Keywords: decentralization, epistemic democracy, experiments in living, distributive justice, knowledge problem, liberal egalitarianism, libertarianism, Mark Pennington, moral epistemology, rational ignorance
Under review
Workplace democracy as distributive justice
This paper sets out the conditions under which state promotion of workplace democracy advances distributive justice. The standard argument for promoting workplace democracy has been to focus only on the equal distribution of the good of power within the firm, ignoring the wider picture. I show that it does not straightforwardly follow that requiring workplace democracy would improve the position of workers, but sketch when this is likely to be true. I conclude by examining potential impacts on third parties in order to explain when promoting workplace democracy can make a positive contribution to the pursuit of distributive justice more generally.
Business ethics and the corporate democratic deficit
Ethical choices in the market often have a political component, and companies should defer to the democratic system when interpreting what they should do. The paper enters the debate via a sympathetic critique of Joseph Heath’s market failures approach (MFA) to business ethics. The MFA will often fail to produce clear recommendations, and a democratic engagement with civil society can help to fill the gap. To illustrate, I consider the example of negotiations between drug companies and civil society groups in 2017 that lead to reduced prices for the pneumonia vaccine in humanitarian contexts.
The corporate social audit: Making public purpose pay (with Rutger Claassen)

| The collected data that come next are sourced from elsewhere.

text \<open>
  Write \<open>Mf\<close> for \<open>ncmax f\<close> and \<open>L q\<close>, \<open>R q\<close> for the variation of \<open>f\<close> to the left and to
  the right of \<open>q\<close>, so that \<open>L q + R q \<le> Var f\<close>. A window not containing \<open>q\<close> only sees values
  of \<open>\<bar>f\<bar>\<close> within \<open>L q\<close> resp. \<open>R q\<close> of \<open>\<bar>f q\<bar> \<le> Mf q\<close>; hence \<open>Mf a \<le> Mf q + L q\<close> for
  \<open>a \<le> q\<close> and \<open>Mf b \<le> Mf m + R m\<close> for \<open>m \<le> b\<close>. Moreover every strict local maximum of \<open>Mf\<close>
  is dominated by a point \<open>p\<close> with \<open>Mf p = \<bar>f p\<bar>\<close>: a window around a maximiser either leaves
  the region where \<open>Mf\<close> is large or only averages values of \<open>\<bar>f\<bar>\<close> from inside it. Sweeping
  from left to right, each rise of \<open>Mf\<close> is therefore paid for by the variation of \<open>f\<close>
  accumulated up to the next peak, and the variation of \<open>Mf\<close> on every finite interval is at
  most \<open>Var f\<close>. For the unit impulse at \<open>0\<close>, \<open>Mf\<close> falls from \<open>1\<close> to \<open>1/(\<bar>n\<bar>+1)\<close> on both
  sides, so the variation of \<open>Mf\<close> on \<open>[-N, N]\<close> tends to \<open>2 = Var f\<close>.
\<close>

definition var_ivl :: "(int \<Rightarrow> real) \<Rightarrow> int \<Rightarrow> int \<Rightarrow> real" where
  "var_ivl g a b = (\<Sum>n\<in>{a..<b}. \<bar>g (n + 1) - g n\<bar>)"

lemma var_ivl_nonneg: "0 \<le> var_ivl g a b"
  unfolding var_ivl_def by (auto intro: sum_nonneg)

lemma var_ivl_empty: "b \<le> a \<Longrightarrow> var_ivl g a b = 0"
  unfolding var_ivl_def by simp

lemma var_ivl_split:
  assumes "a \<le> m" "m \<le> b"
  shows "var_ivl g a m + var_ivl g m b = var_ivl g a b"
proof -
  have "{a..<b} = {a..<m} \<union> {m..<b}" using assms by auto
  then show ?thesis unfolding var_ivl_def by (simp add: sum.union_disjoint ivl_disj_int)
qed

lemma var_ivl_add_one:
  assumes "a \<le> b"
  shows "var_ivl g a (b + 1) = var_ivl g a b + \<bar>g (b + 1) - g b\<bar>"
proof -
  have "{a..<b + 1} = insert b {a..<b}" using assms by auto
  then show ?thesis unfolding var_ivl_def by simp
qed

lemma abs_diff_le_var_ivl: "a \<le> b \<Longrightarrow> \<bar>g b - g a\<bar> \<le> var_ivl g a b"
proof (induction b rule: int_ge_induct)
  case (step b)
  then show ?case using var_ivl_add_one[OF step.hyps(1), of g] by linarith
qed (simp add: var_ivl_def)

lemma abs_le_abs_add_var_ivl:
  assumes "a \<le> b"
  shows "\<bar>g b\<bar> \<le> \<bar>g a\<bar> + var_ivl g a b" "\<bar>g a\<bar> \<le> \<bar>g b\<bar> + var_ivl g a b"
  using abs_diff_le_var_ivl[OF assms, of g] by linarith+

lemma ennreal_var_ivl_le_Var: "ennreal (var_ivl g a b) \<le> Var g"
proof -
  have "ennreal (var_ivl g a b) = (\<Sum>n\<in>{a..<b}. ennreal \<bar>g (n + 1) - g n\<bar>)"
    unfolding var_ivl_def by (rule sum_ennreal[symmetric]) simp
  also have "\<dots> = (\<integral>\<^sup>+n. ennreal \<bar>g (n + 1) - g n\<bar> * indicator {a..<b} n \<partial>count_space UNIV)"
    by (simp add: nn_integral_count_space_indicator[symmetric] nn_integral_count_space_finite)
  also have "\<dots> \<le> Var g"
    unfolding Var_def by (intro nn_integral_mono) (auto split: split_indicator)
  finally show ?thesis .
qed

lemma var_ivl_le_Var:
  assumes "Var g < \<infinity>"
  shows "var_ivl g a b \<le> enn2real (Var g)"
proof -
  have "ennreal (var_ivl g a b) \<le> ennreal (enn2real (Var g))"
    using ennreal_var_ivl_le_Var[of g a b] assms by simp
  then show ?thesis by (simp add: ennreal_le_iff[OF enn2real_nonneg])
qed

lemma Var_le_if_var_ivl_le:
  assumes "\<And>N::nat. var_ivl g (- int N) (int N) \<le> B"
  shows "Var g \<le> ennreal B"
proof -
  define \<phi> where "\<phi> n = ennreal \<bar>g (n + 1) - g n\<bar>" for n
  define F where "F = (\<lambda>N::nat. \<lambda>n. \<phi> n * indicator {- int N..<int N} n)"
  have \<phi>_eq: "\<phi> n = (SUP N. F N n)" for n
  proof (rule antisym)
    have "F (nat \<bar>n\<bar> + 1) n = \<phi> n" unfolding F_def by (auto split: split_indicator)
    then show "\<phi> n \<le> (SUP N. F N n)" by (metis SUP_upper UNIV_I)
    show "(SUP N. F N n) \<le> \<phi> n" unfolding F_def by (rule SUP_least) (auto split: split_indicator)
  qed
  have "incseq F"
    unfolding F_def incseq_def le_fun_def by (auto split: split_indicator)
  have "Var g = (\<integral>\<^sup>+n. (SUP N. F N n) \<partial>count_space UNIV)"
    unfolding Var_def \<phi>_def[symmetric] by (subst \<phi>_eq) simp
  also have "\<dots> = (SUP N. integral\<^sup>N (count_space UNIV) (F N))"
    by (rule nn_integral_monotone_convergence_SUP[OF \<open>incseq F\<close>]) simp
  also have "\<dots> \<le> ennreal B"
  proof (rule SUP_least)
    fix N
    have "integral\<^sup>N (count_space UNIV) (F N) = (\<Sum>n\<in>{- int N..<int N}. \<phi> n)"
      by (simp add: F_def nn_integral_count_space_indicator[symmetric] nn_integral_count_space_finite)
    also have "\<dots> = ennreal (var_ivl g (- int N) (int N))"
      unfolding var_ivl_def \<phi>_def by (rule sum_ennreal) simp
    also have "\<dots> \<le> ennreal B" using assms by (rule ennreal_leI)
    finally show "integral\<^sup>N (count_space UNIV) (F N) \<le> ennreal B" .
  qed
  finally show ?thesis .
qed
(* Let $\mathscr{C}=\left\{\sum_{i=1}^{\infty} t_i 3^{-i} : t_i\in\{0,2\}\right\}$ be the middle-third Cantor set and $\mathscr{C}^{(2)}=\{x^2 : x\in\mathscr{C}\}$. For every integer $k\geq 2$, the interval \[\left[\tfrac{36}{81}+\tfrac{8}{9}\cdot\tfrac{1}{3^{2k}}+\tfrac{1}{3^{2k}},\ \tfrac{36}{81}+\tfrac{4}{3^{2k+1}}+\tfrac{1}{3^{4k}}+\tfrac{2}{3^{2k}}+\tfrac{4}{9}\cdot\tfrac{1}{3^{2k}}\right]\] is contained in $\mathscr{C}^{(2)}+\mathscr{C}^{(2)}+\mathscr{C}^{(2)}+\mathscr{C}^{(2)}=\{y_1+y_2+y_3+y_4 : y_j\in\mathscr{C}^{(2)}\}$. *)

theory Defs
  imports Complex_Main
begin

definition cantor_set :: "real set" where
  "cantor_set = {x. \<exists>t::nat \<Rightarrow> real. (\<forall>i. t i \<in> {0, 2}) \<and>
                      x = (\<Sum>i. t (Suc i) / 3 ^ (Suc i))}"

definition cantor_sq :: "real set" where
  "cantor_sq = {x ^ 2 | x. x \<in> cantor_set}"

end

theory Submission
  imports Defs
begin

(*
  Every y in [0, m], m >= 4, is a sum of m squares of Cantor points; the interval of the
  theorem lies in [0, 4]. Keep m Cantor cylinders [a_j, a_j + h_j] with
  sum a_j^2 <= y <= sum (a_j + h_j)^2, and replace the cylinder whose squared image has the
  largest width w = (2 a_j + h_j) h_j by its left or its right third. One of the two choices
  keeps y bracketed: the gap between the two ranges of sums is w/3, whereas the other m - 1 >= 3
  widths are at least w/9 each, as long as all widths stay within a factor 9 of each other,
  which the subdivision preserves. Every step shrinks the total width by the factor
  1 - 4/(9m), so the nested cylinders converge to Cantor points whose squares sum to y.
*)

definition ternary :: "(nat \<Rightarrow> real) \<Rightarrow> real" where
  "ternary t = (\<Sum>i. t i / 3 ^ Suc i)"

lemma ternary_in_cantor_set:
  assumes "\<forall>i. t i \<in> {0, 2}"
  shows "ternary t \<in> cantor_set"
proof -
  define t' where "t' i = (if i = 0 then 0 else t (i - 1))" for i
  have "\<forall>i. t' i \<in> {0, 2}" and "ternary t = (\<Sum>i. t' (Suc i) / 3 ^ Suc i)"
    using assms by (auto simp: t'_def ternary_def)
  then show ?thesis unfolding cantor_set_def by blast
qed

lemma two_over_powers_of_three_sums: "(\<lambda>i. 2 / 3 ^ Suc (i + m)) sums (1 / 3 ^ m :: real)"
proof -
  have "(\<lambda>i. 2 / 3 ^ Suc m * (1/3) ^ i) sums (2 / 3 ^ Suc m * (1 / (1 - 1/3)) :: real)"
    by (intro sums_mult geometric_sums) simp
  then show ?thesis by (simp add: power_add power_divide field_simps)
qed

lemma ternary_prefix_bounds:
  assumes "\<forall>i. t i \<in> {0, 2}"
  shows "(\<Sum>i<m. t i / 3 ^ Suc i) \<le> ternary t"
    and "ternary t \<le> (\<Sum>i<m. t i / 3 ^ Suc i) + 1 / 3 ^ m"
proof -
  define f where "f i = t i / 3 ^ Suc i" for i
  have f_bounds: "0 \<le> f i" "f i \<le> 2 / 3 ^ Suc i" for i
    using assms[rule_format, of i] unfolding f_def by auto
  have "summable (\<lambda>i. 2 / 3 ^ Suc i :: real)"
    using two_over_powers_of_three_sums[of 0] by (simp add: sums_iff)
  then have "summable f"
    by (rule summable_comparison_test'[where N = 0]) (use f_bounds in auto)
  then have split: "ternary t = (\<Sum>i. f (i + m)) + (\<Sum>i<m. f i)"
    and tail: "summable (\<lambda>i. f (i + m))"
    unfolding ternary_def f_def[symmetric]
    by (auto simp: suminf_split_initial_segment summable_ignore_initial_segment)
  have "0 \<le> (\<Sum>i. f (i + m))"
    using tail f_bounds by (intro suminf_nonneg) auto
  moreover have "(\<Sum>i. f (i + m)) \<le> 1 / 3 ^ m"
    using f_bounds(2) by (rule sums_le[OF _ summable_sums[OF tail] two_over_powers_of_three_sums])
  ultimately show "(\<Sum>i<m. t i / 3 ^ Suc i) \<le> ternary t"
    and "ternary t \<le> (\<Sum>i<m. t i / 3 ^ Suc i) + 1 / 3 ^ m"
    using split unfolding f_def by simp_all
qed

lemma prefix_stable_limit:
  fixes d :: "nat \<Rightarrow> nat \<Rightarrow> 'a" and len :: "nat \<Rightarrow> nat"
  assumes grow: "\<And>n. len n \<le> len (Suc n)" and stable: "\<And>n i. i < len n \<Longrightarrow> d (Suc n) i = d n i"
  obtains D where "\<And>n i. i < len n \<Longrightarrow> D i = d n i" and "\<And>i. \<exists>n. D i = d n i"
proof
  have later: "d (n + k) i = d n i" if "i < len n" for n k i
  proof (induction k)
    case (Suc k)
    have "len n \<le> len (n + k)" using grow by (rule lift_Suc_mono_le) simp
    then show ?case using Suc stable[of i "n + k"] that by simp
  qed simp
  define D where "D i = d (SOME n. i < len n) i" for i
  show "D i = d n i" if "i < len n" for n i
  proof -
    have "i < len (SOME n. i < len n)" using that by (rule someI)
    then show ?thesis
      unfolding D_def using later[OF that] later by (metis add.commute)
  qed
  show "\<exists>n. D i = d n i" for i unfolding D_def by blast
qed

lemma eq_if_abs_diff_le_geometric:
  fixes a b C q :: real
  assumes "0 \<le> q" "q < 1" and bound: "\<And>n. \<bar>a - b\<bar> \<le> C * q ^ n"
  shows "a = b"
proof -
  have "(\<lambda>n. C * q ^ n) \<longlonglongrightarrow> 0"
    using assms(1,2) by (intro tendsto_mult_right_zero LIMSEQ_power_zero) simp
  then have "\<bar>a - b\<bar> \<le> 0"
    using bound by (intro LIMSEQ_le_const) auto
  then show ?thesis by simp
qed

(*
  Coordinate j is the Cantor cylinder of level depth s j with ternary digits
  digit s j 0, ..., digit s j (depth s j - 1), i.e. the interval
  [left_end s j, left_end s j + cyl_len s j]; digits at positions >= depth s j are ignored.
*)
record cylinders =
  digit :: "nat \<Rightarrow> nat \<Rightarrow> real"
  depth :: "nat \<Rightarrow> nat"

definition left_end :: "cylinders \<Rightarrow> nat \<Rightarrow> real" where
  "left_end s j = (\<Sum>i<depth s j. digit s j i / 3 ^ Suc i)"

definition cyl_len :: "cylinders \<Rightarrow> nat \<Rightarrow> real" where
  "cyl_len s j = 1 / 3 ^ depth s j"

definition sq_width :: "cylinders \<Rightarrow> nat \<Rightarrow> real" where
  "sq_width s j = (2 * left_end s j + cyl_len s j) * cyl_len s j"

definition lower_sum :: "nat \<Rightarrow> cylinders \<Rightarrow> real" where
  "lower_sum m s = (\<Sum>j<m. left_end s j ^ 2)"

definition upper_sum :: "nat \<Rightarrow> cylinders \<Rightarrow> real" where
  "upper_sum m s = (\<Sum>j<m. (left_end s j + cyl_len s j) ^ 2)"

definition total_width :: "nat \<Rightarrow> cylinders \<Rightarrow> real" where
  "total_width m s = (\<Sum>j<m. sq_width s j)"

definition cantor_digits :: "cylinders \<Rightarrow> bool" where
  "cantor_digits s \<longleftrightarrow> (\<forall>j i. digit s j i \<in> {0, 2})"

definition balanced :: "nat \<Rightarrow> cylinders \<Rightarrow> bool" where
  "balanced m s \<longleftrightarrow> (\<forall>j<m. \<forall>l<m. sq_width s j \<le> 9 * sq_width s l)"

definition widest :: "nat \<Rightarrow> cylinders \<Rightarrow> nat" where
  "widest m s = arg_max_on (sq_width s) {..<m}"

definition subdivide :: "cylinders \<Rightarrow> nat \<Rightarrow> real \<Rightarrow> cylinders" where
  "subdivide s i c = s\<lparr>digit := (digit s)(i := (digit s i)(depth s i := c)),
                       depth := (depth s)(i := Suc (depth s i))\<rparr>"

definition refine :: "nat \<Rightarrow> real \<Rightarrow> cylinders \<Rightarrow> cylinders" where
  "refine m y s = (let i = widest m s in
     if y \<le> upper_sum m (subdivide s i 0) then subdivide s i 0 else subdivide s i 2)"

definition cylinder_seq :: "nat \<Rightarrow> real \<Rightarrow> nat \<Rightarrow> cylinders" where
  "cylinder_seq m y n = (refine m y ^^ n) \<lparr>digit = \<lambda>j i. 0, depth = \<lambda>j. 0\<rparr>"

lemma left_end_subdivide [simp]:
  "left_end (subdivide s i c) j = (if j = i then left_end s i + c * cyl_len s i / 3 else left_end s j)"
  unfolding left_end_def cyl_len_def subdivide_def by (auto simp: sum.lessThan_Suc intro!: sum.cong)

lemma cyl_len_subdivide [simp]:
  "cyl_len (subdivide s i c) j = (if j = i then cyl_len s i / 3 else cyl_len s j)"
  unfolding cyl_len_def subdivide_def by auto

lemma sq_width_subdivide_other [simp]: "j \<noteq> i \<Longrightarrow> sq_width (subdivide s i c) j = sq_width s j"
  unfolding sq_width_def by simp

lemma cantor_digits_subdivide: "cantor_digits s \<Longrightarrow> c \<in> {0, 2} \<Longrightarrow> cantor_digits (subdivide s i c)"
  unfolding cantor_digits_def subdivide_def by auto

lemma left_end_nonneg:
  assumes "cantor_digits s"
  shows "0 \<le> left_end s j"
proof -
  have "0 \<le> digit s j i" for i
    using assms unfolding cantor_digits_def by (metis empty_iff insert_iff order_refl zero_le_numeral)
  then show ?thesis unfolding left_end_def by (simp add: sum_nonneg)
qed

lemma cyl_len_pos: "0 < cyl_len s j"
  unfolding cyl_len_def by simp

lemma sq_width_nonneg: "cantor_digits s \<Longrightarrow> 0 \<le> sq_width s j"
  unfolding sq_width_def using left_end_nonneg cyl_len_pos by (simp add: less_imp_le)

lemma upper_sum_minus_lower_sum: "upper_sum m s - lower_sum m s = total_width m s"
  unfolding upper_sum_def lower_sum_def total_width_def sq_width_def
  by (simp add: sum_subtractf[symmetric] power2_eq_square algebra_simps)

lemma widest:
  assumes "0 < m"
  shows "widest m s < m" and "\<And>j. j < m \<Longrightarrow> sq_width s j \<le> sq_width s (widest m s)"
proof -
  obtain i where i: "i < m" "sq_width s i = Max (sq_width s ` {..<m})"
  proof -
    have "Max (sq_width s ` {..<m}) \<in> sq_width s ` {..<m}"
      using assms by (intro Max_in) auto
    then show thesis using that by auto
  qed
  then have "is_arg_max (sq_width s) (\<lambda>j. j \<in> {..<m}) i"
    by (auto simp: is_arg_max_linorder)
  then have "is_arg_max (sq_width s) (\<lambda>j. j \<in> {..<m}) (widest m s)"
    unfolding widest_def arg_max_on_def arg_max_def by (rule someI)
  then show "widest m s < m" and "\<And>j. j < m \<Longrightarrow> sq_width s j \<le> sq_width s (widest m s)"
    by (auto simp: is_arg_max_linorder)
qed

lemma sq_width_subdivide_bounds:
  assumes "0 \<le> left_end s i" and "c \<in> {0, 2}"
  shows "sq_width s i / 9 \<le> sq_width (subdivide s i c) i"
    and "sq_width (subdivide s i c) i \<le> 5/9 * sq_width s i"
proof -
  define a h where "a = left_end s i" and "h = cyl_len s i"
  have "0 \<le> a * h" "0 \<le> h * h"
    using assms(1) cyl_len_pos[of s i] unfolding a_def h_def by simp_all
  moreover have "sq_width (subdivide s i c) i = 2/3 * (a * h) + (2 * c + 1) / 9 * (h * h)"
    and "sq_width s i = 2 * (a * h) + h * h"
    unfolding sq_width_def a_def h_def by (simp_all add: field_simps)
  ultimately show "sq_width s i / 9 \<le> sq_width (subdivide s i c) i"
    and "sq_width (subdivide s i c) i \<le> 5/9 * sq_width s i"
    using assms(2) by auto
qed

lemma balanced_subdivide_widest:
  assumes bal: "balanced m s" and digits: "cantor_digits s" and c: "c \<in> {0, 2}"
    and widest: "\<forall>j<m. sq_width s j \<le> sq_width s i"
  shows "balanced m (subdivide s i c)"
  unfolding balanced_def
proof (intro allI impI)
  fix j l assume j: "j < m" and l: "l < m"
  note new = sq_width_subdivide_bounds[OF left_end_nonneg[OF digits] c]
  have nonneg: "0 \<le> sq_width s k" for k using digits by (rule sq_width_nonneg)
  show "sq_width (subdivide s i c) j \<le> 9 * sq_width (subdivide s i c) l"
  proof (cases "j = i"; cases "l = i")
    assume "j = i" "l \<noteq> i"
    moreover have "sq_width s i \<le> 9 * sq_width s l" using bal j l \<open>j = i\<close> by (simp add: balanced_def)
    ultimately show ?thesis using new(2)[of i] nonneg[of l] by simp
  next
    assume "j \<noteq> i" "l = i"
    moreover have "sq_width s j \<le> sq_width s i" using widest j by simp
    ultimately show ?thesis using new(1)[of i] by simp
  qed (use sq_width_nonneg[OF cantor_digits_subdivide[OF digits c]] bal j l in
        \<open>auto simp: balanced_def\<close>)
qed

Standard regulatory approaches to corporate power lack flexibility and are open to capture. Discourses of corporate social responsibility are more flexible and open-ended but are not backed up by strong incentives. We propose a novel institutional mechanism to try and capture advantages of both approaches. Under the corporate social audit, the conduct of large corporations is assessed by specially convened citizens’ juries. Companies scoring highly are awarded financial bonuses at the expense of those scoring poorly.
Wealth and power (as volume editor, with Huub Brouwer and Rutger Claassen)
The viability of political equality given unequal private property is an increasingly urgent topic that has never been adequately resolved by political philosophers. Combining broad theoretical perspectives with detailed institutional design, this volume brings political philosophy into dialogue with political science, economics, history and law.